Introduction : L’identification du rôle d’un gène dans les cellules bêta est facilitée par l’utilisation de souris transgéniques dans lesquelles ce gène est spécifiquement invalidé dans des populations cellulaires précises. Précédemment nous avons montré que l’absence de récepteur aux glucocorticoïdes (GR) dans les cellules pancréatiques précurseurs résultait en un doublement de la masse des cellules bêta tandis que son absence dans les cellules bêta matures n’avait pas de conséquence sur la masse des cellules bêta. Afin de mieux comprendre le développement du pancréas et la fonction des cellules bêta, nous avons généré des souris transgéniques permettant la surexpression d’un gène d’intérêt soit dans les cellules précurseurs pancréatiques, soit dans les cellules bêta matures.

Matériels et méthodes : L’expression du transactivateur contrôlé par la tétracycline (tTA), est dirigée soit par le promoteur du gène Pdx-1 spécifique des cellules précurseurs du pancréas (lignée PdxtTA) soit par le promoteur du gène de l’insuline exprimé dans les cellules bêta matures (lignée InstTA). Nous avons croisé chaque lignée de souris avec une lignée exprimant sous le contrôle du système Tétracycline le gène rapporteur LacZ dont la protéine permet de marquer les cellules exprimant le transgène. Nous avons caractérisé les souris PdxtTA et InstTA en analysant les sites d’expression des transgènes et la fonctionnalité du système Tétracycline qui peut être éteint lorsque l’on administre de la doxycycline (Dox) aux souris.

Résultats : Nos résultats montrent que les souris PdxtTA expriment le transgène dès le stade embryonnaire (E) 11,5 jours dans les bourgeons pancréatiques puis à E13,5 et E15,5 dans toutes les cellules pancréatiques et dans les cellules bêta, et certaines cellules acinaires en post-natal.
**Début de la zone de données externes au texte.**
(* Let $\mu$ be a probability measure on $[0,1]$, absolutely continuous with continuous density $f_\mu$, that is symmetric ($f_\mu(x)=f_\mu(1-x)$ for all $x\in[0,1]$) and single-peaked, and let $q\in(0,1)$. Then the median mechanism, i.e. the percentile mechanism $\mathcal{PM}_p$ with $p=\frac12$, is optimal.
   Context: Single-peaked: there is $m\in[0,1]$ such that $f_\mu$ is non-decreasing on $[0,m]$, non-increasing on $[m,1]$, and $m$ is the unique maximizer of $f_\mu$. Single-facility setting: $n$ agents at $\vec x\in[0,1]^n$; a facility at $y$ with capacity $q$ accommodates the $\lfloor qn\rfloor$ agents closest to $y$ (ties arbitrary); an accommodated agent $i$ gets utility $1-|x_i-y|$, others $0$; normalized social welfare $SW(\vec x,y)=\frac1n\sum_i u_i$. $\mathcal{PM}_p$ places the facility at the $(\lfloor p(n-1)\rfloor+1)$-th smallest reported position. $R_{\mu,q}(y)$ is the smallest $r\ge0$ with $\mu([y-r,y+r])=q$, and $\mathcal{W}(y)=\int_{[y-R_{\mu,q}(y),y+R_{\mu,q}(y)]}|x-y|\,d\mu(x)$. With $X_1,\dots,X_n$ i.i.d. of law $\mu$, $\mathcal{PM}_p$ is optimal if $\lim_{n\to\infty}\mathbb{E}[SW(\vec X,\mathcal{PM}_p(\vec X))]$ exists and equals $\max_{y\in[0,1]}(q-\mathcal{W}(y))$. *)

theory Defs
  imports "HOL-Probability.Probability"
begin

definition dens_measure :: "(real \<Rightarrow> real) \<Rightarrow> real measure" where
  "dens_measure f = density lborel (\<lambda>x. ennreal (f x * indicator {0..1} x))"

definition single_peaked :: "(real \<Rightarrow> real) \<Rightarrow> bool" where
  "single_peaked f \<longleftrightarrow> (\<exists>m\<in>{0..1}.
      mono_on {0..m} f \<and> antimono_on {m..1} f \<and>
      (\<forall>x\<in>{0..1}. x \<noteq> m \<longrightarrow> f x < f m))"

definition symmetric_density :: "(real \<Rightarrow> real) \<Rightarrow> bool" where
  "symmetric_density f \<longleftrightarrow> (\<forall>x\<in>{0..1}. f x = f (1 - x))"

text \<open>Percentile mechanism: the (floor(p(n-1))+1)-th smallest of the n reported positions
  x 0, ..., x (n-1) (0-based index floor(p(n-1)) in the sorted list).\<close>
definition PM :: "real \<Rightarrow> nat \<Rightarrow> (nat \<Rightarrow> real) \<Rightarrow> real" where
  "PM p n x = sort (map x [0..<n]) ! nat \<lfloor>p * real (n - 1)\<rfloor>"

text \<open>Normalized social welfare: the floor(q n) agents closest to y are accommodated, each
  obtaining 1 - |x_i - y|; the total does not depend on how ties are broken.\<close>
definition SW :: "real \<Rightarrow> nat \<Rightarrow> (nat \<Rightarrow> real) \<Rightarrow> real \<Rightarrow> real" where
  "SW q n x y = (\<Sum>j < nat \<lfloor>q * real n\<rfloor>.
       1 - sort (map (\<lambda>i. \<bar>x i - y\<bar>) [0..<n]) ! j) / real n"

definition R_rad :: "real measure \<Rightarrow> real \<Rightarrow> real \<Rightarrow> real" where
  "R_rad \<mu> q y = Inf {r. r \<ge> 0 \<and> measure \<mu> {y - r..y + r} = q}"

definition W_cost :: "real measure \<Rightarrow> real \<Rightarrow> real \<Rightarrow> real" where
  "W_cost \<mu> q y = (LINT x:{y - R_rad \<mu> q y..y + R_rad \<mu> q y}|\<mu>. \<bar>x - y\<bar>)"

definition exp_SW :: "real measure \<Rightarrow> real \<Rightarrow> real \<Rightarrow> nat \<Rightarrow> real" where
  "exp_SW \<mu> q p n = (\<integral>X. SW q n X (PM p n X) \<partial>(PiM {..<n} (\<lambda>_. \<mu>)))"

definition PM_optimal :: "real measure \<Rightarrow> real \<Rightarrow> real \<Rightarrow> bool" where
  "PM_optimal \<mu> q p \<longleftrightarrow> (\<exists>L. (exp_SW \<mu> q p \<longlonglongrightarrow> L) \<and>
      (\<exists>y0\<in>{0..1}. L = q - W_cost \<mu> q y0 \<and> (\<forall>y\<in>{0..1}. q - W_cost \<mu> q y \<le> L)))"

end

theory Submission
  imports Defs
begin

text \<open>The limit of the expected welfare of the median mechanism is computed for any atomless
  law on \<open>[0, 1]\<close> with a strict median \<open>c\<close>. By Hoeffding's inequality the empirical frequencies of
  finitely many intervals are close to their probabilities with probability tending to one. On
  that event the sample median is close to \<open>c\<close>, and \<open>SW q n X\<close> is 1-Lipschitz in the location;
  moreover \<open>SW q n X c\<close> and \<open>q - W_cost \<mu> q c\<close> are both approximated by the same layer-cake Riemann
  sum, built from the empirical resp. true mass of the intervals centred at \<open>c\<close>. Hence the welfare
  converges to \<open>q - W_cost \<mu> q c\<close>.

  For a symmetric single-peaked density the median is \<open>1/2\<close>. Sliding an interval towards the peak
  does not decrease its mass, so among intervals of a given radius the one centred at \<open>1/2\<close> is
  heaviest (Anderson's inequality); since \<open>W_cost\<close> is decreasing in these masses (layer cake again),
  \<open>1/2\<close> minimises \<open>W_cost\<close>.\<close>

section \<open>Order statistics of a sample\<close>

lemma sort_nth_le_iff_card:
  fixes g :: "nat \<Rightarrow> 'a::linorder"
  assumes j: "j < n"
  shows "sort (map g [0..<n]) ! j \<le> t \<longleftrightarrow> j < card {i. i < n \<and> g i \<le> t}"
proof -
  define s where "s = sort (map g [0..<n])"
  define D where "D = {i. i < n \<and> s ! i \<le> t}"
  have len: "length s = n" and srt: "sorted s" by (simp_all add: s_def)
  have "card {i. i < n \<and> g i \<le> t} = length (filter (\<lambda>v. v \<le> t) (map g [0..<n]))"
    by (auto simp: length_filter_conv_card intro!: arg_cong[where f = card])
  also have "\<dots> = length (filter (\<lambda>v. v \<le> t) s)"
    unfolding s_def by (metis mset_filter mset_sort size_mset)
  also have "\<dots> = card D"
    by (simp add: length_filter_conv_card len D_def)
  finally have card_eq: "card {i. i < n \<and> g i \<le> t} = card D" .
  have "s ! j \<le> t \<longleftrightarrow> j < card D"
  proof
    assume "s ! j \<le> t"
    then have "{..j} \<subseteq> D"
      using j srt len by (auto simp: D_def intro: order_trans[OF sorted_nth_mono])
    then show "j < card D"
      using card_mono[of D "{..j}"] by (simp add: D_def)
  next
    assume "j < card D"
    show "s ! j \<le> t"
    proof (rule ccontr)
      assume "\<not> s ! j \<le> t"
      then have "D \<subseteq> {..<j}"
        using srt len by (force simp: D_def not_less dest: sorted_nth_mono[of s j])
      then show False
        using card_mono[of "{..<j}" D] \<open>j < card D\<close> by simp
    qed
  qed
  then show ?thesis by (simp add: card_eq s_def D_def)
qed

lemma sort_nth_in_sample:
  assumes "j < n"
  shows "\<exists>i<n. sort (map g [0..<n]) ! j = g i"
proof -
  have "sort (map g [0..<n]) ! j \<in> set (sort (map g [0..<n]))"
    using assms by (intro nth_mem) simp
  then show ?thesis by auto
qed

lemma sort_nth_abs_diff_le:
  fixes g g' :: "nat \<Rightarrow> real"
  assumes j: "j < n" and close: "\<And>i. i < n \<Longrightarrow> \<bar>g i - g' i\<bar> \<le> c"
  shows "\<bar>sort (map g [0..<n]) ! j - sort (map g' [0..<n]) ! j\<bar> \<le> c"
proof -
  have le: "sort (map h [0..<n]) ! j \<le> sort (map h' [0..<n]) ! j + c"
    if close': "\<And>i. i < n \<Longrightarrow> \<bar>h i - h' i\<bar> \<le> c" for h h' :: "nat \<Rightarrow> real"
  proof -
    define v where "v = sort (map h' [0..<n]) ! j"
    have "j < card {i. i < n \<and> h' i \<le> v}"
      using sort_nth_le_iff_card[OF j, of h' v] by (simp add: v_def)
    also have "\<dots> \<le> card {i. i < n \<and> h i \<le> v + c}"
      using close' by (intro card_mono) (force simp: abs_le_iff)+
    finally show ?thesis
      using sort_nth_le_iff_card[OF j, of h "v + c"] by (simp add: v_def)
  qed
  show ?thesis
    using le[OF close] le[of g' g] close by (force simp: abs_le_iff abs_minus_commute)
qed

lemma borel_measurable_sort_nth:
  fixes g :: "nat \<Rightarrow> 'a \<Rightarrow> real"
  assumes g: "\<And>i. i < n \<Longrightarrow> g i \<in> borel_measurable M" and j: "j < n"
  shows "(\<lambda>\<omega>. sort (map (\<lambda>i. g i \<omega>) [0..<n]) ! j) \<in> borel_measurable M"
proof (subst borel_measurable_iff_le, intro allI)
  fix a
  have "{\<omega> \<in> space M. sort (map (\<lambda>i. g i \<omega>) [0..<n]) ! j \<le> a}
      = {\<omega> \<in> space M. real j < (\<Sum>i<n. of_bool (g i \<omega> \<le> a))}"
    by (simp add: sort_nth_le_iff_card[OF j] sum_of_bool_eq Int_def)
  also have "\<dots> \<in> sets M"
    using g by measurable
  finally show "{\<omega> \<in> space M. sort (map (\<lambda>i. g i \<omega>) [0..<n]) ! j \<le> a} \<in> sets M" .
qed

lemma card_sort_nth_gt:
  fixes g :: "nat \<Rightarrow> 'a::linorder"
  assumes "k \<le> n"
  shows "card {j. j < k \<and> t < sort (map g [0..<n]) ! j} = k - min k (card {i. i < n \<and> g i \<le> t})"
proof -
  have "{j. j < k \<and> t < sort (map g [0..<n]) ! j} = {min k (card {i. i < n \<and> g i \<le> t})..<k}"
    using sort_nth_le_iff_card[of _ n g t] assms by (auto simp: not_le[symmetric])
  then show ?thesis by simp
qed

section \<open>Layer-cake sums\<close>

definition grid_frac :: "nat \<Rightarrow> real \<Rightarrow> real" where
  "grid_frac m d = (\<Sum>l<m. of_bool (real l / real m < d)) / real m"

lemma grid_frac_bounds:
  assumes m: "m \<ge> 1" and d: "0 \<le> d" "d \<le> 1"
  shows "d \<le> grid_frac m d" "grid_frac m d \<le> d + 1 / real m"
proof -
  define K where "K = nat \<lceil>d * real m\<rceil>"
  have m_pos: "real m > 0" using m by simp
  have "0 \<le> d * real m" using d m_pos by simp
  then have K: "real K = of_int \<lceil>d * real m\<rceil>" "int K = \<lceil>d * real m\<rceil>"
    by (simp_all add: K_def)
  have "d * real m \<le> real m"
    using d m_pos by (simp add: mult_left_le_one_le)
  then have "\<lceil>d * real m\<rceil> \<le> int m"
    by (simp add: ceiling_le_iff)
  then have "K \<le> m"
    using K(2) by linarith
  have below_K: "l < K \<longleftrightarrow> real l < d * real m" for l
  proof -
    have "l < K \<longleftrightarrow> int l < \<lceil>d * real m\<rceil>"
      using K(2) by linarith
    then show ?thesis
      by (simp add: less_ceiling_iff)
  qed
  have "{l. l < m \<and> real l / real m < d} = {..<K}"
    using \<open>K \<le> m\<close> m_pos by (auto simp: pos_divide_less_eq below_K[symmetric])
  then have frac_K: "grid_frac m d = real K / real m"
    by (simp add: grid_frac_def sum_of_bool_eq Int_def lessThan_def)
  show "d \<le> grid_frac m d"
    using le_of_int_ceiling[of "d * real m"] m_pos by (simp add: frac_K K pos_le_divide_eq)
  show "grid_frac m d \<le> d + 1 / real m"
    using ceiling_correct[of "d * real m"] m_pos by (simp add: frac_K K divide_simps)
qed

text \<open>A Riemann sum for \<open>\<integral>\<^sub>0\<^sup>1 (c - min c (g t)) dt\<close>. If \<open>g t\<close> is the mass within distance \<open>t\<close>
  of a point, this integral is, by the layer-cake formula, the total distance to that point of the
  mass \<open>c\<close> closest to it; the welfare of a sample and \<open>W_cost\<close> are both approximated by it.\<close>
definition layer_sum :: "real \<Rightarrow> (real \<Rightarrow> real) \<Rightarrow> nat \<Rightarrow> real" where
  "layer_sum c g m = (\<Sum>l<m. c - min c (g (real l / real m))) / real m"

lemma layer_sum_antimono:
  assumes "\<And>t. 0 \<le> t \<Longrightarrow> g t \<le> g' t"
  shows "layer_sum c g' m \<le> layer_sum c g m"
proof -
  have "g (real l / real m) \<le> g' (real l / real m)" for l
    using assms by simp
  then show ?thesis
    unfolding layer_sum_def
    by (intro divide_right_mono sum_mono diff_left_mono min.mono order_refl) simp_all
qed

lemma layer_sum_diff_le:
  assumes m: "m \<ge> 1"
    and close: "\<And>l. l < m \<Longrightarrow> \<bar>g (real l / real m) - g' (real l / real m)\<bar> \<le> \<delta>"
  shows "\<bar>layer_sum c g m - layer_sum c' g' m\<bar> \<le> \<bar>c - c'\<bar> + \<delta>"
proof -
  have layer_diff: "\<bar>(c - min c x) - (c' - min c' x')\<bar> \<le> \<bar>c - c'\<bar> + \<bar>x - x'\<bar>" for x x' :: real
    by (auto simp: min_def abs_le_iff)
  have "\<bar>\<Sum>l<m. (c - min c (g (real l / real m))) - (c' - min c' (g' (real l / real m)))\<bar>
      \<le> (\<Sum>l<m. \<bar>c - c'\<bar> + \<delta>)"
  proof (rule order_trans[OF sum_abs sum_mono])
    fix l assume "l \<in> {..<m}"
    then show "\<bar>(c - min c (g (real l / real m))) - (c' - min c' (g' (real l / real m)))\<bar> \<le> \<bar>c - c'\<bar> + \<delta>"
      using layer_diff[of "g (real l / real m)" "g' (real l / real m)"] close[of l] by simp
  qed
  also have "\<dots> = (\<bar>c - c'\<bar> + \<delta>) * real m"
    by simp
  finally show ?thesis
    using m by (simp add: layer_sum_def sum_subtractf diff_divide_distrib[symmetric] abs_divide pos_divide_le_eq)
qed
Concernant les souris InstTA, l’expression du transgène est retrouvé uniquement dans les cellules bêta et ce dès E13,5. Le contrôle temporel du système est fonctionnel puisque l’ajout de Dox permet d’éteindre l’expression du gène rapporteur. À l’inverse, l’arrêt de la Dox permet de réinduire l’expression du gène rapporteur.

Conclusion : Nous avons ainsi créé 2 lignées de souris dont l’expression du transgène est correctement ciblée et contrôlable dans le temps. Ces nouvelles souris permettront la surexpression ciblée de gènes d’intérêt dans différentes populations cellulaires du pancréas et à des périodes précises du développement.